The image sensor 120 is a typical colour camera for capturing sequence of images. Such image sensor 120 is commonly known in the art and a detailed description of the image sensor 120 would be omitted for brevity.
The processing unit 130 is a typical computing system that comprises a processor, memory and instructions stored on the memory and executable by the processor. The processor may be a processor, microprocessor, microcontroller, application specific integrated circuit, digital signal processor (DSP), programmable logic circuit, or other data processing device that executes instructions to perform the processes in accordance with the present invention. The processor has the capability to execute various applications that are stored in the memory. The memory may include read-only memory (ROM), random- access memory (RAM), electrically erasable programmable ROM (EEPROM), flash cards, or any storage medium. Instructions are computing codes, software applications that are stored on the memory and executable by the processor to perform the processes in accordance with this invention. Such computing system is well known in the art and hence only briefly described herein. The instructions can developed in C++ language (or any other
known programming language) and can be run on System on Chip (SoC) like Raspberry Pi or/and mobile devices like cell phones or tablet PCs.
Figure 2 illustrates a process flow 200 that is executed by the instructions of the processing unit to estimate vital signs of a person in accordance with this invention. To use the system 100, both active depth sensor 110 and image sensor 120 would pointing in the same direction. Images captured by both sensors 110 and 120 would be transmitted to the processing unit 130.
Process 200 begins with step 205 where the images from the active depth sensor 110 and image sensor 120 are time synchronised. Essentially, there should not be any time shift between the images from both sensors.

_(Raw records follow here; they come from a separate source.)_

lemma expectation_exp_rOneMax:
  assumes "valid_freq n r p" "1 \<le> r"
  shows "measure_pmf.expectation (sample n r p) (\<lambda>x. exp (t * rOneMax r n x))
           = (\<Prod>k<n. p k (r - 1) * exp t + (1 - p k (r - 1)))"
proof -
  have "measure_pmf.expectation (sample n r p) (\<lambda>x. exp (t * rOneMax r n x))
      = measure_pmf.expectation (Pi_pmf {..<n} 0 (row_pmf r p)) (\<lambda>x. \<Prod>k<n. exp (t * top_ind r (x k)))"
    by (simp add: rOneMax_eq_sum_top_ind sum_distrib_left exp_sum sample_eq_Pi_pmf_row_pmf)
  also have "\<dots> = (\<Prod>k<n. measure_pmf.expectation (row_pmf r p k) (\<lambda>v. exp (t * top_ind r v)))"
    using finite_subset[OF set_pmf_row_pmf[OF assms(1)]]
    by (intro expectation_prod_Pi_pmf integrable_measure_pmf_finite) auto
  also have "\<dots> = (\<Prod>k<n. p k (r - 1) * exp t + (1 - p k (r - 1)))"
    using expectation_row_pmf_top_ind[OF assms(1) _ assms(2), of _ "\<lambda>a. exp (t * a)"]
    by (intro prod.cong refl) simp
  finally show ?thesis .
qed

lemma rOneMax_mgf_product_le:
  assumes "valid_freq n r p" "1 \<le> r" "0 \<le> s" "s \<le> 1"
  shows "measure_pmf.expectation (sample n r p) (\<lambda>x. exp (s * rOneMax r n x))
           * measure_pmf.expectation (sample n r p) (\<lambda>x. exp (- s * rOneMax r n x))
         \<le> exp (2 * s^2 * (\<Sum>k<n. 1 - p k (r - 1)))"
proof -
  have X: "0 \<le> p k (r - 1)" "p k (r - 1) \<le> 1" if "k < n" for k
    using valid_freq_bounds[OF assms(1) that, of "r - 1"] assms(2) by auto
  have "measure_pmf.expectation (sample n r p) (\<lambda>x. exp (s * rOneMax r n x))
          * measure_pmf.expectation (sample n r p) (\<lambda>x. exp (- s * rOneMax r n x))
      = (\<Prod>k<n. (p k (r - 1) * exp s + (1 - p k (r - 1))) * (p k (r - 1) * exp (-s) + (1 - p k (r - 1))))"
    using expectation_exp_rOneMax[OF assms(1,2), of s] expectation_exp_rOneMax[OF assms(1,2), of "- s"]
    by (simp add: prod.distrib)
  also have "\<dots> \<le> (\<Prod>k<n. exp (2 * s^2 * (1 - p k (r - 1))))"
    using X assms(3,4) by (intro prod_mono conjI bernoulli_mgf_product_le) auto
  also have "\<dots> = exp (2 * s^2 * (\<Sum>k<n. 1 - p k (r - 1)))"
    by (simp add: exp_sum sum_distrib_left)
  finally show ?thesis .
qed
lemma ordinal_query_lower_bound:
  fixes \<alpha> p :: real
  assumes "\<alpha> \<ge> 0"
    and A: "\<forall>X d k \<pi>. kc_instance X d k \<longrightarrow> consistent_profile X d \<pi> \<longrightarrow>
           (\<forall>S\<in>set_pmf (A X k \<pi>). terminates S d \<longrightarrow>
               run_output S d \<subseteq> X \<and> card (run_output S d) \<le> k) \<and>
           measure_pmf.prob (A X k \<pi>)
             {S. terminates S d \<and> good_centers X d k \<alpha> (run_output S d)} \<ge> p"
    and "k \<ge> 1" and few: "real (2 ^ q * k) < p * 2 ^ (k - 1)"
  shows "\<exists>X d \<pi>. kc_instance X d k \<and> consistent_profile X d \<pi> \<and>
           measure_pmf.prob (A X k \<pi>) {S. queries_at_least S d q} > 0"
proof (rule ccontr)
  obtain L where k: "k = Suc L" using \<open>k \<ge> 1\<close> by (cases k) auto
  define X where "X = {..<(2::nat)^L}"
  define H where "H = \<alpha> + 2"
  define M where "M = A X k (level_profile X)"
  let ?d = "hidden_dist X H"
  let ?Q = "\<lambda>s. {S. queries_at_least S (?d s) q}"
  let ?E = "\<lambda>s. {S. \<not> queries_at_least S (?d s) q \<and> terminates S (?d s)
                   \<and> good_centers X (?d s) k \<alpha> (run_output S (?d s))}"
  have H: "H \<ge> 2" "\<alpha> \<ge> 0" "H > \<alpha>" using assms(1) unfolding H_def by auto
  note inst = hidden_instance[OF H(1), of L, folded X_def k]
  assume "\<not> ?thesis"
  then have not_pos: "\<not> measure_pmf.prob M (?Q s) > 0" for s
    using inst[of s] unfolding M_def by blast
  have "p \<le> measure_pmf.prob M (?E s)" for s
  proof -
    have "p \<le> measure_pmf.prob M {S. terminates S (?d s) \<and> good_centers X (?d s) k \<alpha> (run_output S (?d s))}"
      using A inst[of s] unfolding M_def by blast
    also have "\<dots> \<le> measure_pmf.prob M (?E s) + measure_pmf.prob M (?Q s)"
      by (intro measure_pmf_le_add_of_support) auto
    finally show ?thesis using not_pos[of s] measure_nonneg[of M "?Q s"] by linarith
  qed
  moreover have "real (card {s\<in>X. S \<in> ?E s}) \<le> real (2 ^ q * k)" if S: "S \<in> set_pmf M" for S
  proof -
    have "{s\<in>X. S \<in> ?E s} \<subseteq> {s\<in>X. \<not> queries_at_least S (?d s) q \<and> s \<in> run_output S (?d s)
            \<and> finite (run_output S (?d s)) \<and> card (run_output S (?d s)) \<le> k}"
    proof
      fix s assume "s \<in> {s\<in>X. S \<in> ?E s}"
      then have s: "s \<in> X" "S \<in> ?E s" by auto
      then have "run_output S (?d s) \<subseteq> X" "card (run_output S (?d s)) \<le> k"
        using A inst[of s] S unfolding M_def by blast+
      moreover have "s \<in> run_output S (?d s)"
        using hidden_mem_good_centers[OF _ H, of s L] s unfolding X_def k by simp
      ultimately show "s \<in> {s\<in>X. \<not> queries_at_least S (?d s) q \<and> s \<in> run_output S (?d s)
            \<and> finite (run_output S (?d s)) \<and> card (run_output S (?d s)) \<le> k}"
        using s by (auto simp: X_def finite_subset)
    qed
    then have "card {s\<in>X. S \<in> ?E s} \<le> card {s\<in>X. \<not> queries_at_least S (?d s) q
            \<and> s \<in> run_output S (?d s) \<and> finite (run_output S (?d s)) \<and> card (run_output S (?d s)) \<le> k}"
      by (intro card_mono) (simp add: X_def)
    also have "\<dots> \<le> 2 ^ q * k"
      by (rule card_self_in_output_le[OF _ hidden_dist_two_answers]) (simp add: X_def)
    finally show ?thesis by (simp only: of_nat_le_iff)
  qed
  ultimately have "real (card X) * p \<le> real (2 ^ q * k)"
    by (intro card_mult_le_of_prob_ge) (auto simp: X_def)
  then show False using few unfolding X_def k by (simp add: mult.commute)
qed

theorem mainTheorem10:
  fixes \<alpha> p :: real
  assumes "\<alpha> \<ge> 1" and "0 < p" and "p \<le> 1"
  shows
   "(\<exists>c>0. \<exists>k0. \<forall>A :: nat set \<Rightarrow> nat \<Rightarrow> (nat \<Rightarrow> nat list) \<Rightarrow> nat set pmf.
       (\<forall>X d k \<pi>. kc_instance X d k \<longrightarrow> consistent_profile X d \<pi> \<longrightarrow>
           set_pmf (A X k \<pi>) \<subseteq> Pow X \<and>
           measure_pmf.prob (A X k \<pi>) {C. good_centers X d k \<alpha> C} \<ge> p)
       \<longrightarrow> (\<forall>k\<ge>k0. \<exists>X d \<pi>. kc_instance X d k \<and> consistent_profile X d \<pi> \<and>
              measure_pmf.prob (A X k \<pi>) {C. real (card C) \<ge> c * 2 ^ k} > 0))
  \<and>
   (\<exists>c>0. \<exists>k0. \<forall>A :: nat set \<Rightarrow> nat \<Rightarrow> (nat \<Rightarrow> nat list) \<Rightarrow> strategy pmf.
       (\<forall>X d k \<pi>. kc_instance X d k \<longrightarrow> consistent_profile X d \<pi> \<longrightarrow>
           (\<forall>S\<in>set_pmf (A X k \<pi>). terminates S d \<longrightarrow>
               run_output S d \<subseteq> X \<and> card (run_output S d) \<le> k) \<and>
           measure_pmf.prob (A X k \<pi>)
             {S. terminates S d \<and> good_centers X d k \<alpha> (run_output S d)} \<ge> p)
       \<longrightarrow> (\<forall>k\<ge>k0. \<exists>X d \<pi>. kc_instance X d k \<and> consistent_profile X d \<pi> \<and>
              measure_pmf.prob (A X k \<pi>)
                {S. queries_at_least S d (nat \<lceil>c * real k\<rceil>)} > 0))"
proof -
  obtain k0 where k0: "\<forall>k\<ge>k0. real (2 ^ nat \<lceil>1/4 * real k\<rceil> * k) < p * 2 ^ (k - 1)"
    using pow_quarter_mult_negligible[OF assms(2)] by blast
  have "\<alpha> \<ge> 0" using assms(1) by simp
  show ?thesis
    apply (intro conjI)
     apply (rule exI[of _ "p/4"], rule conjI, simp add: assms(2))
     apply (rule exI[of _ 1], intro allI impI)
     apply (erule ordinal_output_size_lower_bound[OF \<open>\<alpha> \<ge> 0\<close> assms(2)], assumption)
    apply (rule exI[of _ "1/4"], rule conjI, simp)
    apply (rule exI[of _ "max 1 k0"], intro allI impI)
    apply (erule ordinal_query_lower_bound[OF \<open>\<alpha> \<ge> 0\<close>])
    using k0 by auto
qed

end
(* Let $G$ be a finite connected bipartite $\mathcal{C}$-$\mathrm{HH}$ graph with bipartition $(X,Y)$. (i) If the $6$-cycle $C_6$ or the two-squares graph embeds in $G$, then $\mathrm{diam}(G)=3$. (ii) If $\mathrm{diam}(G)=3$, then for each $k\le\Delta(G)$ every $k$-element subset of $X$ and every $k$-element subset of $Y$ has a common neighbour.
   Context: Subgraphs are induced; "embeds" means is isomorphic to an induced subgraph. A homomorphism maps edges to edges. A graph $G$ is $\mathcal{C}$-$\mathrm{HH}$ if every homomorphism from a finite connected induced subgraph of $G$ into $G$ extends to a homomorphism $G\to G$. The two-squares graph is the $6$-cycle $v_1\dots v_6v_1$ with the single chord $v_3v_6$. $\mathrm{diam}(G)$ is the diameter and $\Delta(G)$ the maximum degree. A common neighbour of a vertex set $S$ is a vertex adjacent to every vertex of $S$. *)

theory Defs
  imports Main
begin

definition graph :: "'a set \<Rightarrow> ('a \<Rightarrow> 'a \<Rightarrow> bool) \<Rightarrow> bool" where
  "graph V E \<longleftrightarrow> finite V \<and> (\<forall>x y. E x y \<longrightarrow> x \<in> V \<and> y \<in> V)
     \<and> (\<forall>x y. E x y \<longrightarrow> E y x) \<and> (\<forall>x. \<not> E x x)"

definition walk :: "'a set \<Rightarrow> ('a \<Rightarrow> 'a \<Rightarrow> bool) \<Rightarrow> 'a list \<Rightarrow> bool" where
  "walk S E xs \<longleftrightarrow> xs \<noteq> [] \<and> set xs \<subseteq> S \<and>
     (\<forall>i. Suc i < length xs \<longrightarrow> E (xs ! i) (xs ! Suc i))"

definition connected :: "'a set \<Rightarrow> ('a \<Rightarrow> 'a \<Rightarrow> bool) \<Rightarrow> bool" where
  "connected S E \<longleftrightarrow> S \<noteq> {} \<and>
     (\<forall>x\<in>S. \<forall>y\<in>S. \<exists>xs. walk S E xs \<and> hd xs = x \<and> last xs = y)"
lemma solution_is_perturbation:
  assumes J: "J \<in> time_intervals" and sol: "is_sol \<Omega> d1 d2 f \<kappa> \<gamma>1 \<gamma>2 J U V"
  shows "perturbation \<Omega> \<gamma>1 \<gamma>2 gi d1 d2 f \<kappa> J (\<lambda>t x. U t x - 1) V
    (\<lambda>t x. - (U t x * (V t x)\<^sup>2)) (\<lambda>t x. U t x * (V t x)\<^sup>2)"
proof unfold_locales
  show "is_interval J" "0 \<in> J" "J \<subseteq> {0..}" using time_interval_props[OF J] by auto
  show "inX \<Omega> (\<lambda>x. U t x - 1)" "inX \<Omega> (V t)" if "t \<in> J" for t
    using sol that inX_diff_const unfolding is_sol_def by auto
  show "((\<lambda>s. linf \<Omega> (\<lambda>x. (U s x - 1 - (U t x - 1)) / (s - t) - (d1 * Gam \<Omega> \<gamma>1 (\<lambda>x. U t x - 1) x
      - f * (U t x - 1) + - (U t x * (V t x)\<^sup>2)))) \<longlongrightarrow> 0) (at t within J)" if "t \<in> J" for t
    using sol that unfolding is_sol_def Gam_shift by (simp add: algebra_simps)
  show "((\<lambda>s. linf \<Omega> (\<lambda>x. (V s x - V t x) / (s - t) - (d2 * Gam \<Omega> \<gamma>2 (V t) x
      - (f + \<kappa>) * V t x + U t x * (V t x)\<^sup>2))) \<longlongrightarrow> 0) (at t within J)" if "t \<in> J" for t
    using sol that unfolding is_sol_def by (simp add: algebra_simps)
  show "AE x in lebesgue_on \<Omega>. \<bar>- (U t x * (V t x)\<^sup>2)\<bar> \<le> (1 + \<bar>U t x - 1\<bar>) * (V t x)\<^sup>2
      \<and> \<bar>U t x * (V t x)\<^sup>2\<bar> \<le> (1 + \<bar>U t x - 1\<bar>) * (V t x)\<^sup>2" for t
  proof (rule AE_I2)
    fix x
    have "\<bar>U t x\<bar> * (V t x)\<^sup>2 \<le> (1 + \<bar>U t x - 1\<bar>) * (V t x)\<^sup>2" by (intro mult_right_mono) auto
    then show "\<bar>- (U t x * (V t x)\<^sup>2)\<bar> \<le> (1 + \<bar>U t x - 1\<bar>) * (V t x)\<^sup>2
      \<and> \<bar>U t x * (V t x)\<^sup>2\<bar> \<le> (1 + \<bar>U t x - 1\<bar>) * (V t x)\<^sup>2" by (simp add: abs_mult)
  qed
qed
locale kth_power_basis = field_hom \<phi> for \<phi> :: "'a::{field,finite} \<Rightarrow> 'b::{field,finite}" +
  fixes \<zeta> :: 'b and b k k' :: nat
  assumes b_pos: "0 < b" and k_pos: "0 < k" and k'_pos: "0 < k'"
    and kth_powers: "range (\<lambda>y::'b. y ^ k') = {\<zeta> ^ i * \<phi> (z ^ k) | i z. i < b}"
    and independent: "\<And>u. (\<Sum>i<b. \<zeta> ^ i * \<phi> (u i)) = 0 \<Longrightarrow> \<forall>i<b. u i = 0"
    and spanning: "\<And>y. \<exists>u. y = (\<Sum>i<b. \<zeta> ^ i * \<phi> (u i))"
begin

lemma sum_of_kth_powers_times_basis:
  assumes "sum_of_kth_powers t k x" "i < b"
  shows "sum_of_kth_powers t k' (\<zeta> ^ i * \<phi> x)"
proof -
  obtain z where z: "x = (\<Sum>j<t. z j ^ k)"
    using assms(1) sum_of_kth_powers_iff by blast
  have "\<zeta> ^ i * \<phi> (z j ^ k) \<in> range (\<lambda>y. y ^ k')" for j
    using kth_powers assms(2) by blast
  then have "sum_of_kth_powers 1 k' (\<zeta> ^ i * \<phi> (z j ^ k))" for j
    using sum_of_kth_powers_power by (metis imageE)
  then have "sum_of_kth_powers (card {..<t} * 1) k' (\<Sum>j<t. \<zeta> ^ i * \<phi> (z j ^ k))"
    by (intro sum_of_kth_powers_sum) simp_all
  then show ?thesis
    by (simp add: z hom_sum sum_distrib_left)
qed

lemma waring_bound_mult:
  assumes "waring_bound t k TYPE('a)"
  shows "waring_bound (b * t) k' TYPE('b)"
  unfolding waring_bound_def
proof
  fix y :: 'b
  obtain u where "y = (\<Sum>i<b. \<zeta> ^ i * \<phi> (u i))"
    using spanning by blast
  moreover have "sum_of_kth_powers (card {..<b} * t) k' (\<Sum>i<b. \<zeta> ^ i * \<phi> (u i))"
    using assms by (intro sum_of_kth_powers_sum sum_of_kth_powers_times_basis)
      (auto simp: waring_bound_def)
  ultimately show "sum_of_kth_powers (b * t) k' y"
    by simp
qed

text \<open>
  Write \<open>x\<close> in every coordinate. Sorting the \<open>s\<close> summands by their coordinate, every
  coordinate equals \<open>x\<close>, and some coordinate receives at most \<open>s div b\<close> summands.
\<close>

lemma waring_bound_div:
  assumes "waring_bound s k' TYPE('b)"
  shows "waring_bound (s div b) k TYPE('a)"
  unfolding waring_bound_def
proof
  fix x :: 'a
  obtain w where w: "(\<Sum>i<b. \<zeta> ^ i * \<phi> x) = (\<Sum>j<s. w j ^ k')"
    using assms sum_of_kth_powers_iff unfolding waring_bound_def by blast
  have "\<forall>j. \<exists>i z. i < b \<and> w j ^ k' = \<zeta> ^ i * \<phi> (z ^ k)"
    using kth_powers by blast
  then obtain I Z where IZ: "\<And>j. I j < b" "\<And>j. w j ^ k' = \<zeta> ^ I j * \<phi> (Z j ^ k)"
    by metis
  define J where "J i = {j. j < s \<and> I j = i}" for i
  define X where "X i = (\<Sum>j\<in>J i. Z j ^ k)" for i
  have "(\<Sum>j<s. w j ^ k') = (\<Sum>i<b. \<Sum>j\<in>J i. \<zeta> ^ I j * \<phi> (Z j ^ k))"
    unfolding IZ(2) J_def using IZ(1)
    by (subst sum.group[symmetric, of "{..<s}" "{..<b}" I]) (auto intro!: sum.cong)
  also have "\<dots> = (\<Sum>i<b. \<zeta> ^ i * \<phi> (X i))"
    by (simp add: X_def J_def hom_sum sum_distrib_left)
  finally have "(\<Sum>i<b. \<zeta> ^ i * \<phi> (x - X i)) = 0"
    using w by (simp add: hom_diff right_diff_distrib sum_subtractf)
  then have x: "x = X i" if "i < b" for i
    using independent that by fastforce
  obtain i where "i < b" "b * card (J i) \<le> s"
    using exists_small_fiber[OF b_pos, of s I] IZ(1) unfolding J_def by blast
  have "sum_of_kth_powers (card (J i)) k x"
    unfolding x[OF \<open>i < b\<close>] X_def by (rule sum_of_kth_powers_sum_powers) (simp add: J_def)
  moreover have "card (J i) \<le> s div b"
    using \<open>b * card (J i) \<le> s\<close> b_pos by (simp add: less_eq_div_iff_mult_less_eq mult.commute)
  ultimately show "sum_of_kth_powers (s div b) k x"
    using sum_of_kth_powers_mono k_pos by blast
qed

theorem waring_number_eq_mult: "waring_number k' TYPE('b) = map_option ((*) b) (waring_number k TYPE('a))"
proof (rule waring_number_eq_mult_if_waring_bound_iff[OF b_pos])
  fix s
  show "waring_bound s k' TYPE('b) \<longleftrightarrow> waring_bound (s div b) k TYPE('a)"
  proof
    assume "waring_bound (s div b) k TYPE('a)"
    then have "waring_bound (b * (s div b)) k' TYPE('b)"
      by (rule waring_bound_mult)
    then show "waring_bound s k' TYPE('b)"
      using sum_of_kth_powers_mono[OF _ times_div_less_eq_dividend k'_pos] by (auto simp: waring_bound_def)
  qed (rule waring_bound_div)
qed

end

lemma exists_embedding_onto_fixed_points:
  assumes "prime p" "0 < a" "0 < b"
    and "CARD('F::{field,finite}) = p ^ a" "CARD('K::{field,finite}) = p ^ (a * b)"
  shows "\<exists>\<phi>::'F \<Rightarrow> 'K. field_hom \<phi> \<and> range \<phi> = {z. z ^ p ^ a = z}"
proof -
  have "1 < p ^ a"
    using one_less_power[OF prime_gt_1_nat[OF assms(1)] assms(2)] .
  have "CARD('K) - 1 = (p ^ a - 1) * (\<Sum>i<b. (p ^ a) ^ i)"
    using assms(5) nat_power_diff_1_eq[of "p ^ a" b] \<open>1 < p ^ a\<close> by (simp add: power_mult)
  then have card_fixed: "card {z::'K. z ^ p ^ a = z} = p ^ a"
    using \<open>1 < p ^ a\<close> by (intro card_power_fixed_points) simp_all
  moreover have "CHAR('K) = CHAR('F)"
    using assms by (simp add: CHAR_eq_of_card_prime_power)
  ultimately obtain \<phi> :: "'F \<Rightarrow> 'K" where "field_hom \<phi>"
    using finite_field_embedding assms(4) by fastforce
  moreover have "range \<phi> = {z. z ^ p ^ a = z}"
    using range_field_hom_eq_fixed_points[OF \<open>field_hom \<phi>\<close>] card_fixed assms(4) by simp
  ultimately show ?thesis
    by blast
qed

lemma kth_power_basis_prime_degree_extension:
  fixes \<phi> :: "'F::{field,finite} \<Rightarrow> 'K::{field,finite}"
  assumes "prime p" "prime b" "0 < a"
    and card_F: "CARD('F) = p ^ a" and card_K: "CARD('K) = p ^ (a * b)"
    and k: "k * c = p ^ a - 1" and k': "k' * (b * c) = p ^ (a * b) - 1"
    and not_dvd: "\<not> b * c dvd p ^ a - 1"
    and \<phi>: "field_hom \<phi>" "range \<phi> = {z. z ^ p ^ a = z}" and \<gamma>: "primitive_element \<gamma>"
  shows "kth_power_basis \<phi> (\<gamma> ^ k') b k k'"
proof -
  interpret field_hom \<phi> by fact
  define q where "q = p ^ a"
  have "1 < q"
    using one_less_power[OF prime_gt_1_nat[OF assms(1)] assms(3)] by (simp add: q_def)
  have "0 < b"
    using assms(2) by (rule prime_gt_0_nat)
  note exponents = prime_degree_exponents[OF \<open>1 < q\<close> \<open>0 < b\<close> k[folded q_def]
      k'[unfolded power_mult, folded q_def] not_dvd[folded q_def]]
  have card_K': "CARD('K) - 1 = k' * (b * c)" "CARD('K) - 1 = (q - 1) * (\<Sum>i<b. q ^ i)"
    using card_K k' nat_power_diff_1_eq[of q b] \<open>1 < q\<close> by (simp_all add: q_def power_mult)
  have conjugates: "inj_on (\<lambda>j. (\<gamma> ^ k') ^ q ^ j) {..<b}"
    using inj_on_conjugates_of_primitive_power[OF \<gamma> card_K'(1) assms(2)] exponents(4,5) by blast
  have "q = CHAR('K) ^ a"
    using CHAR_eq_of_card_prime_power[OF card_K assms(1)] \<open>0 < a\<close> \<open>0 < b\<close> by (simp add: q_def)
  have independent: "\<forall>i<b. u i = 0" if "(\<Sum>i<b. (\<gamma> ^ k') ^ i * \<phi> (u i)) = 0" for u
  proof -
    have "(\<Sum>i<b. \<phi> (u i) * (\<gamma> ^ k') ^ i) = 0"
      using that by (simp add: mult.commute)
    moreover have "\<phi> (u i) ^ q = \<phi> (u i)" for i
      using \<phi>(2) by (auto simp: q_def)
    ultimately have "\<forall>i<b. \<phi> (u i) = 0"
      using frobenius_invariant_coeffs_eq_0[where c = "\<lambda>i. \<phi> (u i)",
          OF prime_CHAR_finite_field \<open>q = CHAR('K) ^ a\<close> _ conjugates]
      by blast
    then show ?thesis
      by (simp add: hom_eq_0_iff)
  qed
  moreover have "range (\<lambda>y::'K. y ^ k') = {(\<gamma> ^ k') ^ i * \<phi> (z ^ k) | i z. i < b}"
    using \<open>1 < q\<close> \<open>0 < b\<close> exponents(1,2)
    by (intro kth_powers_decomposition[OF \<phi>(1) \<gamma> \<phi>(2)[folded q_def] _ card_K'(2)[symmetric]
          exponents(3)]) simp_all
  moreover have "CARD('K) = CARD('F) ^ b"
    by (simp add: card_F card_K power_mult)
  then have "\<exists>u. y = (\<Sum>i<b. (\<gamma> ^ k') ^ i * \<phi> (u i))" for y
    using field_hom_combinations_surj[OF \<phi>(1)] independent by blast
  ultimately show ?thesis
    using \<open>0 < b\<close> exponents(1,2) by unfold_locales auto
qed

In step 210, process 200 detects the region of interest. The region of interest (Rol) includes, forehead, cheek and any other exposed skin. In one embodiment, when the system is arranged in a manner to capture the face of the person, the region of interest would include the forehead and cheek. Figure 3 illustrates an example of an image taken from the active depth sensor 110 and image sensor 120. Specifically, the left image 310 is taken from the active depth sensor 110 and the right image 320 is taken from the image sensor 120. In step 210, the process first detects the face 311 and thereafter detects whether the person is wearing a mask. If the person is not wearing a mask, the process would detect the forehead region 312 and the cheek regions 313. If the person is wearing a mask, the process would detect the forehead region 312 only. One method of detecting the Rol is by using facial landmark detection where 81 prominent feature points on the face are detected. The 81 prominent feature points include eyebrow, eye, nose, mouth and facial edge. Based on the 81 prominent detected points, the process would be able to determine if the person of interest is facing the camera (i.e. frontal, profile, or semi-frontal) and whether the person is wearing a mask (i.e. mouth and part of nose and bottom facial edges would be obscured). Using the 81 prominent feature points detected, we can simply overlay a box on the top of the detected 81 prominent feature points between the facial edge and
eyebrows. If the person is not wearing a mask, another two boxes would be overlay at the cheeks which are between the facial edge and nose.
Based on the detected region, similar region would be marked on the image from the image sensor. The region of interest is computed for all the images from the active depth sensor 110 and mapped to the images from image sensor 120 using the calibration. The Rol detection is executed on the captured images to form a set of time synchronised images. The set of time synchronised images is a length of no more than 5 seconds. In one embodiment, both active depth sensor 110 and image sensor 120 are calibrated using standard Tsai camera calibration technique to know the pixel mapping between them so that when we detect the region of interest in one image, it can be mapped to the other image without additional computations. For example, if we detect forehead and cheek regions in the image from the active depth camera, we can map the regions corresponding to the forehead and cheek regions in the image from the image sensor by using the calibration. In step 215, process 200 extracts raw signals within the detected region(s) of the images from both the active depth sensor 110 and image sensor 120. Further details will be described below with reference to figure 4.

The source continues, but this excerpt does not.